- WORK INSTRUCTION
Using the data below, return the stretch from the line that contains "by (metis midpoint_in_open_segment)" through the line that contains "using S by simp", both included, exactly as it stands and nothing beyond it.

- PROVIDED DATA
-- Opening Marker --
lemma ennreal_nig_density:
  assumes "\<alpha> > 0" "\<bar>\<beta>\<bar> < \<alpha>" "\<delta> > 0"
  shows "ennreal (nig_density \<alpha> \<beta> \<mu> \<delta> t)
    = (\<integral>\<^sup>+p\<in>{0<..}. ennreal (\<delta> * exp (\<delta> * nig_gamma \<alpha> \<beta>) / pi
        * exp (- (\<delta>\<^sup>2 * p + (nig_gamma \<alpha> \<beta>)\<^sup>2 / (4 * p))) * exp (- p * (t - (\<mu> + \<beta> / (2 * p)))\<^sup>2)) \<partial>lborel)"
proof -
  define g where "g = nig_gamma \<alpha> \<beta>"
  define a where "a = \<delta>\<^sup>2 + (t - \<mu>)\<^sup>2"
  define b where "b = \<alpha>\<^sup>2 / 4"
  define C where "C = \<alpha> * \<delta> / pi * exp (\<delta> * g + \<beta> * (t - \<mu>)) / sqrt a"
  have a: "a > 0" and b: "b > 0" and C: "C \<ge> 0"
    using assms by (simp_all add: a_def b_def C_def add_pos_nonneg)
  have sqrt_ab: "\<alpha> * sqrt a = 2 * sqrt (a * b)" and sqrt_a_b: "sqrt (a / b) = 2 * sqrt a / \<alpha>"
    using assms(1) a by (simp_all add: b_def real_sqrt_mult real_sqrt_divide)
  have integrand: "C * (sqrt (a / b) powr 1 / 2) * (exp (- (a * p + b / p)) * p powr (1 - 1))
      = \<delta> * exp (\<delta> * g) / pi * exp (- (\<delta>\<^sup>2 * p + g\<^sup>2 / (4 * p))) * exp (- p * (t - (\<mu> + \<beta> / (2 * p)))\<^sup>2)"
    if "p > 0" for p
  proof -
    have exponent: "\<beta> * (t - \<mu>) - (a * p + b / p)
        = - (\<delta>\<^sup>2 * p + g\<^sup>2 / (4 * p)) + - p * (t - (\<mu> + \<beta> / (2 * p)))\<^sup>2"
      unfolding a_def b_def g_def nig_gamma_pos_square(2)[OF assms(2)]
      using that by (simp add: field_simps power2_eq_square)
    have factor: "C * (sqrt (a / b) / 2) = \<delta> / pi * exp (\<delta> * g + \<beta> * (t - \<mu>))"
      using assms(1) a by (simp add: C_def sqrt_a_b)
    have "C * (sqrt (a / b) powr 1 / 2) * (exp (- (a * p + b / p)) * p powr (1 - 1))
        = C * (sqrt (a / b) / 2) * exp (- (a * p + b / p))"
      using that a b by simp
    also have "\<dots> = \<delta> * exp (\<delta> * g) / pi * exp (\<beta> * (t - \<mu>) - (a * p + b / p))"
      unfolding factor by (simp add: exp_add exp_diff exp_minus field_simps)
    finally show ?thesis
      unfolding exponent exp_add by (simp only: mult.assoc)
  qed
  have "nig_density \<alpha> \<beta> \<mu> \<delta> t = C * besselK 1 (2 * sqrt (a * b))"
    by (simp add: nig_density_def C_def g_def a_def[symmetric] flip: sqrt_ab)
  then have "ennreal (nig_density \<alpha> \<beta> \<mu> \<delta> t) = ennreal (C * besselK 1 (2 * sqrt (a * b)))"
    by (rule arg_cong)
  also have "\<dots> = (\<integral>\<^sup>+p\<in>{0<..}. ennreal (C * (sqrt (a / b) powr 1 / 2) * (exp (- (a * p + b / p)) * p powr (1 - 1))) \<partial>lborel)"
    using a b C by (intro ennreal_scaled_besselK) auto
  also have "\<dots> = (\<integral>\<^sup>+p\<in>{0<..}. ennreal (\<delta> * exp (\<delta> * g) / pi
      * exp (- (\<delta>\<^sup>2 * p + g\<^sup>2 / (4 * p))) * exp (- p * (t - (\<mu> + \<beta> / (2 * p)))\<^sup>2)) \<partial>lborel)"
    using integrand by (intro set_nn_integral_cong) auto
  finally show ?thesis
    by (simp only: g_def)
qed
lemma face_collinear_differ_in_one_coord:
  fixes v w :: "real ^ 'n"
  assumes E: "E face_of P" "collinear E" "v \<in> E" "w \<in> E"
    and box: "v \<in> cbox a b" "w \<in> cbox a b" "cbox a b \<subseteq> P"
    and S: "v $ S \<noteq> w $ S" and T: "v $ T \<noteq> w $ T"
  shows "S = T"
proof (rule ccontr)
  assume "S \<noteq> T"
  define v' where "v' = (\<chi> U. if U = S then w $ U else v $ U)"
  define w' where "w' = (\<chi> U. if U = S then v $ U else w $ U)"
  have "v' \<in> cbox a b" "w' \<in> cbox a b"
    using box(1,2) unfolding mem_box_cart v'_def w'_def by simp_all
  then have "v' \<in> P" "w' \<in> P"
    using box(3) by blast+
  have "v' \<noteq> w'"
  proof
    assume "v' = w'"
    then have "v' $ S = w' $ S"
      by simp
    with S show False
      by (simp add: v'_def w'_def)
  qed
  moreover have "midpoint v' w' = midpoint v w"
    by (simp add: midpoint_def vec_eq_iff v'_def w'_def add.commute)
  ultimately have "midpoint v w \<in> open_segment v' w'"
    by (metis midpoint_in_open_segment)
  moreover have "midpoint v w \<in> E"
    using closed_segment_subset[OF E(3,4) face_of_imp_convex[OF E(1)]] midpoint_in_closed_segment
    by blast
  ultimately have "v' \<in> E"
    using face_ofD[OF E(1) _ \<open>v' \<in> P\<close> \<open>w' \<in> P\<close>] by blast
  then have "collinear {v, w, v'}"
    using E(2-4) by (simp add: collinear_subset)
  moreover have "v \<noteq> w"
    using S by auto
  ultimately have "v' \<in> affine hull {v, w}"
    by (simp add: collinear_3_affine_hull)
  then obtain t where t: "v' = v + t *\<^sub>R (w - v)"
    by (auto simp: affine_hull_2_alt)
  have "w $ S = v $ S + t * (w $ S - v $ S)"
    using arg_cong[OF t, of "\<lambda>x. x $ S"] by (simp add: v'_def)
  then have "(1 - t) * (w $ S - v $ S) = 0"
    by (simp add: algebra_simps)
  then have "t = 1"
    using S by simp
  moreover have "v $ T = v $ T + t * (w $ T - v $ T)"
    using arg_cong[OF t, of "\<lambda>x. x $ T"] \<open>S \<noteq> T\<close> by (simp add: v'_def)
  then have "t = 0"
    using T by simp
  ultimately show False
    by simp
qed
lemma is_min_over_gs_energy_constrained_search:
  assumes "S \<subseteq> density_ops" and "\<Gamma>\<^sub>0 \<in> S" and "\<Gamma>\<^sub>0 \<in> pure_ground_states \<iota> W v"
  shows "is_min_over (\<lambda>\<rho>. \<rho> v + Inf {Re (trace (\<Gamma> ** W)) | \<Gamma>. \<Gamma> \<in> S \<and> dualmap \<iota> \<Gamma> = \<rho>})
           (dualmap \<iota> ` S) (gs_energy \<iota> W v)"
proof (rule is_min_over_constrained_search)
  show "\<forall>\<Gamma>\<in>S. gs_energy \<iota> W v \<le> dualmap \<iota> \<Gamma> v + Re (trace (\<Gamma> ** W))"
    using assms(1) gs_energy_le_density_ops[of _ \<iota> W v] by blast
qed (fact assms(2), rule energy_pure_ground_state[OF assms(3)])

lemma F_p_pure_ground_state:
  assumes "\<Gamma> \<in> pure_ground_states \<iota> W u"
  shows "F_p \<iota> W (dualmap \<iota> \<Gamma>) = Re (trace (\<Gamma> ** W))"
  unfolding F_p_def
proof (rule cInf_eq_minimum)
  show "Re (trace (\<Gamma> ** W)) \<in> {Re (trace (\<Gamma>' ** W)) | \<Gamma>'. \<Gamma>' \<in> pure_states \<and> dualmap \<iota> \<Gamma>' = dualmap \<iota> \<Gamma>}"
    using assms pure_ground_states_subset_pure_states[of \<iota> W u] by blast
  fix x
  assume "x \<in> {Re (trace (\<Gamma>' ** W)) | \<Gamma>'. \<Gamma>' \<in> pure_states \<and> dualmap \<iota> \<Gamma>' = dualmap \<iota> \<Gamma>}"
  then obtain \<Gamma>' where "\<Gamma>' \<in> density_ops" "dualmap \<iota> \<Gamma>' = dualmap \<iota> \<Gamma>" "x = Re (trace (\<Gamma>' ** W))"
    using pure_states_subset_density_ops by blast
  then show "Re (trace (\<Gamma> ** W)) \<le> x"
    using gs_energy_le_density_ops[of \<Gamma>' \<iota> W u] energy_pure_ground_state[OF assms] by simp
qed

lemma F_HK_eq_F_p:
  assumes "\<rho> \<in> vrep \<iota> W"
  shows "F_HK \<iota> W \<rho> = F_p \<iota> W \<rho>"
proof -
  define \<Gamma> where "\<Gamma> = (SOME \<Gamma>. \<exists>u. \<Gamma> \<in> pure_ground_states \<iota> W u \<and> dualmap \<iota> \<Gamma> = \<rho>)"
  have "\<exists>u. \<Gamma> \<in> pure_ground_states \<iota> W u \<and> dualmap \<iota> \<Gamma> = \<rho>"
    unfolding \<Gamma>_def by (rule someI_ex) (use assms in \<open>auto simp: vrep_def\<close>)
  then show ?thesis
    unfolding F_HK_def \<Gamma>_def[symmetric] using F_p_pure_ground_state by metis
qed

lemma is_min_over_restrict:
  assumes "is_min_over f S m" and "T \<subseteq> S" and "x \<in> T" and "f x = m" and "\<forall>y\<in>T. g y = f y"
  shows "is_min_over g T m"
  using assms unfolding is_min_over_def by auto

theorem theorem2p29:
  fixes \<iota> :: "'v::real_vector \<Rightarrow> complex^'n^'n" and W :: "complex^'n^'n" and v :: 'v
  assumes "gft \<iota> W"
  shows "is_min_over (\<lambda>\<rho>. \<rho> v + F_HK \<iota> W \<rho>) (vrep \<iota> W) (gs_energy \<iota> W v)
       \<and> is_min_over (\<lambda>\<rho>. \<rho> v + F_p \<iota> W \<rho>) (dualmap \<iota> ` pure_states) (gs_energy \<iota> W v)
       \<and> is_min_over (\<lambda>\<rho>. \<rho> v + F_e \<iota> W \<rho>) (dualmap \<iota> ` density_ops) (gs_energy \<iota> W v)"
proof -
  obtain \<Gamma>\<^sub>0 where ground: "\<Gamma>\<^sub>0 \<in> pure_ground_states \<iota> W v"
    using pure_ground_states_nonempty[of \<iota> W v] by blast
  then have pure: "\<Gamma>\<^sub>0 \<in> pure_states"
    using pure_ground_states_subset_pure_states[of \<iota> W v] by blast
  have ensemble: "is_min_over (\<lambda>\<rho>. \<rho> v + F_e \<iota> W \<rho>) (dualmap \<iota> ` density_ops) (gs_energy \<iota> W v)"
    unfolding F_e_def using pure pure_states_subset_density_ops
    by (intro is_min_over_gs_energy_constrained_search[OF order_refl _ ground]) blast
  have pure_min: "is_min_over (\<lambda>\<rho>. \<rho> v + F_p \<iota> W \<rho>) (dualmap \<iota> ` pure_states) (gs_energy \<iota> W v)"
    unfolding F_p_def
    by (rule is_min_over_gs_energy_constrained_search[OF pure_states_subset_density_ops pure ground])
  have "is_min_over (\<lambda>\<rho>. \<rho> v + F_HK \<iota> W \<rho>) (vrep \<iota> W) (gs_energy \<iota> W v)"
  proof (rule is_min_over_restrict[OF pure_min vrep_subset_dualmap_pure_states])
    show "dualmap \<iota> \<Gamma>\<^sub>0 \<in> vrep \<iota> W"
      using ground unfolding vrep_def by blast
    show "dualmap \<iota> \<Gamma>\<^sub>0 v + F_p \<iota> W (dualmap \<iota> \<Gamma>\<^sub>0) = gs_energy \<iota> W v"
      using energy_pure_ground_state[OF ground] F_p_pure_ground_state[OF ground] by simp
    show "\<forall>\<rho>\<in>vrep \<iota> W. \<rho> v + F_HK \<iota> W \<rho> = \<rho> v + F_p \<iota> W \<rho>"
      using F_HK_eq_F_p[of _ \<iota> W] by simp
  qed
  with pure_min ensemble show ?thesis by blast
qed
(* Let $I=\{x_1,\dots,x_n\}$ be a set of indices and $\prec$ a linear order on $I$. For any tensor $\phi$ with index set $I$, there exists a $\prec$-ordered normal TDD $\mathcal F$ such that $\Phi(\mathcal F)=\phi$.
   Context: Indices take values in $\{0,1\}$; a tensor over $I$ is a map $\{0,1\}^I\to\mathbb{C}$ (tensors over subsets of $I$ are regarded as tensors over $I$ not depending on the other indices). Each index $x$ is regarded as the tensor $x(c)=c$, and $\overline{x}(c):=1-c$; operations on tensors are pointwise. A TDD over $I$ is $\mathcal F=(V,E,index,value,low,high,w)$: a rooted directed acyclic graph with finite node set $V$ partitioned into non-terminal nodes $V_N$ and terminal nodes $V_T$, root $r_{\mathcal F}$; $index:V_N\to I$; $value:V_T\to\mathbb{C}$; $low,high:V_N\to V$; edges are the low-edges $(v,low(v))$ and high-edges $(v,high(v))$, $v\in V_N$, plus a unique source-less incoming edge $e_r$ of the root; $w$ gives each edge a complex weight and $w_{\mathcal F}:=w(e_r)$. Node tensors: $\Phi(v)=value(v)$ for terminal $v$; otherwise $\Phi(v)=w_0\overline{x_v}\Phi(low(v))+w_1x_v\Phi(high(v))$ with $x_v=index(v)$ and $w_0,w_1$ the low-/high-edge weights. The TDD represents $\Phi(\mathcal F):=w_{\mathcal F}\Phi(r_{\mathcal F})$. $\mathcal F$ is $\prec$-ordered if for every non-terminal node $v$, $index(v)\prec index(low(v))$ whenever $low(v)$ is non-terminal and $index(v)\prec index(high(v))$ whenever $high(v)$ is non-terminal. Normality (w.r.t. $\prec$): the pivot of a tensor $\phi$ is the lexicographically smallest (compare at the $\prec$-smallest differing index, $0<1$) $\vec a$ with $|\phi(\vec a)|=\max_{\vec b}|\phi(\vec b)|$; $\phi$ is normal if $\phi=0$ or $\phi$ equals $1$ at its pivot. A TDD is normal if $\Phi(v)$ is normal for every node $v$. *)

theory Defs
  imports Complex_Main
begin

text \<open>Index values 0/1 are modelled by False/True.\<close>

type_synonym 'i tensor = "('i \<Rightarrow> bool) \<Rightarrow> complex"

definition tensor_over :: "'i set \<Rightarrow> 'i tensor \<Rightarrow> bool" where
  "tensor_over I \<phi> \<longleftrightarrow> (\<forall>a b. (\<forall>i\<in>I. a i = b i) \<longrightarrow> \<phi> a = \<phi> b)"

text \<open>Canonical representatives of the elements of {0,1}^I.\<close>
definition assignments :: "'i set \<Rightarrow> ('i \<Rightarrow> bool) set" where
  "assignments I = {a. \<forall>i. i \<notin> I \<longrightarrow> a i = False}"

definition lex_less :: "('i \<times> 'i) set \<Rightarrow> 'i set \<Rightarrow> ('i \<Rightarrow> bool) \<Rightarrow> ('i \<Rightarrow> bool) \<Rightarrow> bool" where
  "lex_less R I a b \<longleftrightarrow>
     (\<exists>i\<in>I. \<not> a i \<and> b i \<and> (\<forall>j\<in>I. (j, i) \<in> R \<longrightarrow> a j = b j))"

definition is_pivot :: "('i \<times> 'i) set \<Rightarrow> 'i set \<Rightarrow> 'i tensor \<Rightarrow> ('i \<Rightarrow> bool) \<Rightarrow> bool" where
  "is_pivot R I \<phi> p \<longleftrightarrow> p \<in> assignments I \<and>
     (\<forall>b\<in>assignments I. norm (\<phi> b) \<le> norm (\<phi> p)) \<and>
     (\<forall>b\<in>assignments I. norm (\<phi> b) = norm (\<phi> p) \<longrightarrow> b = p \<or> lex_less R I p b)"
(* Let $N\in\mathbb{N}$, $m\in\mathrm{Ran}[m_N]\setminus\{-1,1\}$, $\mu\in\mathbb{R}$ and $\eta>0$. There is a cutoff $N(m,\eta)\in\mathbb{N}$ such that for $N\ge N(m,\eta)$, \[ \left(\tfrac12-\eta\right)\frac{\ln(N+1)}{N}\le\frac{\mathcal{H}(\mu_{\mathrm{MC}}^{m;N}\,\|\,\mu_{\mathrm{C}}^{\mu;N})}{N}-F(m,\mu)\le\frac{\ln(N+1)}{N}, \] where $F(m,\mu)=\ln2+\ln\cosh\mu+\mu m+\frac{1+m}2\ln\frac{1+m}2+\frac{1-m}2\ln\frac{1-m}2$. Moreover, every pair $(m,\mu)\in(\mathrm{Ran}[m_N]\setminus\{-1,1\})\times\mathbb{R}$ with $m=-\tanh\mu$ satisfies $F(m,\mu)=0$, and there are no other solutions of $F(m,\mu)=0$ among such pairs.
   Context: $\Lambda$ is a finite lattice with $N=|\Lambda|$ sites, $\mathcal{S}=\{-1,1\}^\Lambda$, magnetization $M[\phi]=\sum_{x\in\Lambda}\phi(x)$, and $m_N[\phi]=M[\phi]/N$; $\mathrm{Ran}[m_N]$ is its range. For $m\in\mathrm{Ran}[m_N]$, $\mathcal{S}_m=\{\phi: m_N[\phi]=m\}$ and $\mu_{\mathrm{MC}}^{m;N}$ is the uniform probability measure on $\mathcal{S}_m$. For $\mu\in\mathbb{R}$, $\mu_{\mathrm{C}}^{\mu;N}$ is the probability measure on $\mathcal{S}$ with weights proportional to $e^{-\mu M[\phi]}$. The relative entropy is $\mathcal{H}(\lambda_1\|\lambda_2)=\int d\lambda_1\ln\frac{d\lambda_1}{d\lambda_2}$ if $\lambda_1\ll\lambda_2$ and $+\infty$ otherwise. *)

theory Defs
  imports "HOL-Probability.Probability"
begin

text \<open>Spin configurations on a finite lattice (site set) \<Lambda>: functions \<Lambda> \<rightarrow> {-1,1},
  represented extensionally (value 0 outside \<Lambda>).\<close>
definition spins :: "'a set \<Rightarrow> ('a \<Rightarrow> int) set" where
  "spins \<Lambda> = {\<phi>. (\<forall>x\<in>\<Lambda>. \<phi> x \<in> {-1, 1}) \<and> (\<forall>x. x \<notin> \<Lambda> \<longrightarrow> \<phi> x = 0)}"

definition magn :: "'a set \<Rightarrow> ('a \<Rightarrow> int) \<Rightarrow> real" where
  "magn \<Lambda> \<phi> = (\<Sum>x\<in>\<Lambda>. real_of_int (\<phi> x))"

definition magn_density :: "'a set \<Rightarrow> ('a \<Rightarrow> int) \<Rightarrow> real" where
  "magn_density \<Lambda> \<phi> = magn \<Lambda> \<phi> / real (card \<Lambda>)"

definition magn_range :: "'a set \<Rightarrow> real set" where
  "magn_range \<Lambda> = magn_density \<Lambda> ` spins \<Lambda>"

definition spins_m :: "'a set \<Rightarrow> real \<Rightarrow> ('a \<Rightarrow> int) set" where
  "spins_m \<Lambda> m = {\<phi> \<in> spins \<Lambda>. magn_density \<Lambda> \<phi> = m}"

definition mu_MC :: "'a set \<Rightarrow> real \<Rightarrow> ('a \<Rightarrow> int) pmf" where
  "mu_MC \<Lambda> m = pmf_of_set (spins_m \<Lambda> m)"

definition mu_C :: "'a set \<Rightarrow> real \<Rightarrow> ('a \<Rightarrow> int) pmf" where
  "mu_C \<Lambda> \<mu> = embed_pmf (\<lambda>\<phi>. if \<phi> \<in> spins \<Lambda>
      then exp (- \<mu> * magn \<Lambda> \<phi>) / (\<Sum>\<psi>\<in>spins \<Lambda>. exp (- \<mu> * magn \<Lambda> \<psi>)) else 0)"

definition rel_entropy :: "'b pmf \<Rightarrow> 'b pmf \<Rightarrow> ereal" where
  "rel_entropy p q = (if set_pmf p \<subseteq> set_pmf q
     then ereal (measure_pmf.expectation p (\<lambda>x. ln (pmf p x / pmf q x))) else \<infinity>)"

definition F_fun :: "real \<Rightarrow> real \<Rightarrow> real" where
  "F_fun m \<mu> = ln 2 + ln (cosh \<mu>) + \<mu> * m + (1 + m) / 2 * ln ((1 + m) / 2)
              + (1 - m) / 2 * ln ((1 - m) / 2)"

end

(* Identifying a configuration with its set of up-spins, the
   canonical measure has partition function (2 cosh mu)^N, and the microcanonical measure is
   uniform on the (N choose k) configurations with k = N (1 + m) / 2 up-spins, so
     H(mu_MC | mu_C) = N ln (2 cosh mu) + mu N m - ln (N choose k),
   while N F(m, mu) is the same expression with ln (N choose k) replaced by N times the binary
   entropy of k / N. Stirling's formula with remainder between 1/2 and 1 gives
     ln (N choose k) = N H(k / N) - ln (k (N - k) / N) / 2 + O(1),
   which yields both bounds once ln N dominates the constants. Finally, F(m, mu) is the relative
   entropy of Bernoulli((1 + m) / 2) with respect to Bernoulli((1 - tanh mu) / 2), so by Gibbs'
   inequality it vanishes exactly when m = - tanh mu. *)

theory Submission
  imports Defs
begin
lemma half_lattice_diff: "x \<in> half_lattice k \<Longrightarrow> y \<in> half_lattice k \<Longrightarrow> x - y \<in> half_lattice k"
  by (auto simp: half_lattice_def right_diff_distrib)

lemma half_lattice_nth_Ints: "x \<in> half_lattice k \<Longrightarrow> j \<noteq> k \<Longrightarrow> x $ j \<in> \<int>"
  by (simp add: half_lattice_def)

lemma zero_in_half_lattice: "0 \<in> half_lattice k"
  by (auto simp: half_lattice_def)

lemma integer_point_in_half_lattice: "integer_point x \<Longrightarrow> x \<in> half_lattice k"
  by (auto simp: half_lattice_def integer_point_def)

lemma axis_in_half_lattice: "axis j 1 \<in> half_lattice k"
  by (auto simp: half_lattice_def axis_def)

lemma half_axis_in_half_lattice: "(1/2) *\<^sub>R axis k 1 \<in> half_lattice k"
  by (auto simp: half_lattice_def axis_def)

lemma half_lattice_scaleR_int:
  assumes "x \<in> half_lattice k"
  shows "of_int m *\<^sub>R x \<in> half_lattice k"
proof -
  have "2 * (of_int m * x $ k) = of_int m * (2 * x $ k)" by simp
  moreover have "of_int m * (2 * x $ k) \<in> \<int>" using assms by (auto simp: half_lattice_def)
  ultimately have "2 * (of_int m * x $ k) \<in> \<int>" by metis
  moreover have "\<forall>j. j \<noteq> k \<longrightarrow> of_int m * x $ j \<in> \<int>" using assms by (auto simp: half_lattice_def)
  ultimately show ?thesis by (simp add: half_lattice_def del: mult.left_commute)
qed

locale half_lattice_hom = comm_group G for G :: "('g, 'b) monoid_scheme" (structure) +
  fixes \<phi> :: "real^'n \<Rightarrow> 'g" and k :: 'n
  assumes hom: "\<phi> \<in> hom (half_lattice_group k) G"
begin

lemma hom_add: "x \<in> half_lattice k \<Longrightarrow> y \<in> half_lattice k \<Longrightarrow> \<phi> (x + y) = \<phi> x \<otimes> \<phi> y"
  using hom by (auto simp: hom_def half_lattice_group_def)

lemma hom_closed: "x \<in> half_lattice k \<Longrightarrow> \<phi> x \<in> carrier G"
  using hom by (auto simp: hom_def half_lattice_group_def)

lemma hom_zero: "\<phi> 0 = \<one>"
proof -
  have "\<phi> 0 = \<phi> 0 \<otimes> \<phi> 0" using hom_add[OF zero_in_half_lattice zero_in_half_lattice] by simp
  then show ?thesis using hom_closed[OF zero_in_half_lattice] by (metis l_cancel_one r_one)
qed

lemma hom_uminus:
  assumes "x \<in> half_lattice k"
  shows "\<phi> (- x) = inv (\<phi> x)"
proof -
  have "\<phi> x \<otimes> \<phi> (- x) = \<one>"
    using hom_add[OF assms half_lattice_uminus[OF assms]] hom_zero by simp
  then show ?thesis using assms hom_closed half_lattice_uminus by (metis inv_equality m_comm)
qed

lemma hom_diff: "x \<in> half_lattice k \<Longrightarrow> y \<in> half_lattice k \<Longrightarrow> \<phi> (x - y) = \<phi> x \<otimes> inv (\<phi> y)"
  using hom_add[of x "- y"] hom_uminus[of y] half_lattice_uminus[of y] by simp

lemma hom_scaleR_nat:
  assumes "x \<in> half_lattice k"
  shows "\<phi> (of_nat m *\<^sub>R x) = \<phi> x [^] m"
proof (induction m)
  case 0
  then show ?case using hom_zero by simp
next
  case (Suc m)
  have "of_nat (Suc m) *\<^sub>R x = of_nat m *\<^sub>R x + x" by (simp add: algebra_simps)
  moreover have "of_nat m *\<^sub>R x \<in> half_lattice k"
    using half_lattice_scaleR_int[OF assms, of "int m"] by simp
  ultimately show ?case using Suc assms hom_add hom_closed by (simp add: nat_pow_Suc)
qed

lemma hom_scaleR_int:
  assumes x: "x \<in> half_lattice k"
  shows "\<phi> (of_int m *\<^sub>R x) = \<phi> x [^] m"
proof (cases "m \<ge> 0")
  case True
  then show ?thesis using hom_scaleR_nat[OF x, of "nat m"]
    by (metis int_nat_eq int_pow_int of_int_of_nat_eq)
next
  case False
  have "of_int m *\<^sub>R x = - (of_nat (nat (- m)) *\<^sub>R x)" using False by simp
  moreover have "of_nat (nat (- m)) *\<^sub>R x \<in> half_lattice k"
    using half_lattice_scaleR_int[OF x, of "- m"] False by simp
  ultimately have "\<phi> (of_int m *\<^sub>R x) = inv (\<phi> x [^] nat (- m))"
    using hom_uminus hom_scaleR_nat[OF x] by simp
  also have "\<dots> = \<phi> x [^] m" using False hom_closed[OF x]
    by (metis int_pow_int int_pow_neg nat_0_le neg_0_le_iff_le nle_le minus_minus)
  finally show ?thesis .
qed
-- Closing Marker --
- FINAL ANSWER
    by (metis midpoint_in_open_segment)
  moreover have "midpoint v w \<in> E"
    using closed_segment_subset[OF E(3,4) face_of_imp_convex[OF E(1)]] midpoint_in_closed_segment
    by blast
  ultimately have "v' \<in> E"
    using face_ofD[OF E(1) _ \<open>v' \<in> P\<close> \<open>w' \<in> P\<close>] by blast
  then have "collinear {v, w, v'}"
    using E(2-4) by (simp add: collinear_subset)
  moreover have "v \<noteq> w"
    using S by auto
  ultimately have "v' \<in> affine hull {v, w}"
    by (simp add: collinear_3_affine_hull)
  then obtain t where t: "v' = v + t *\<^sub>R (w - v)"
    by (auto simp: affine_hull_2_alt)
  have "w $ S = v $ S + t * (w $ S - v $ S)"
    using arg_cong[OF t, of "\<lambda>x. x $ S"] by (simp add: v'_def)
  then have "(1 - t) * (w $ S - v $ S) = 0"
    by (simp add: algebra_simps)
  then have "t = 1"
    using S by simp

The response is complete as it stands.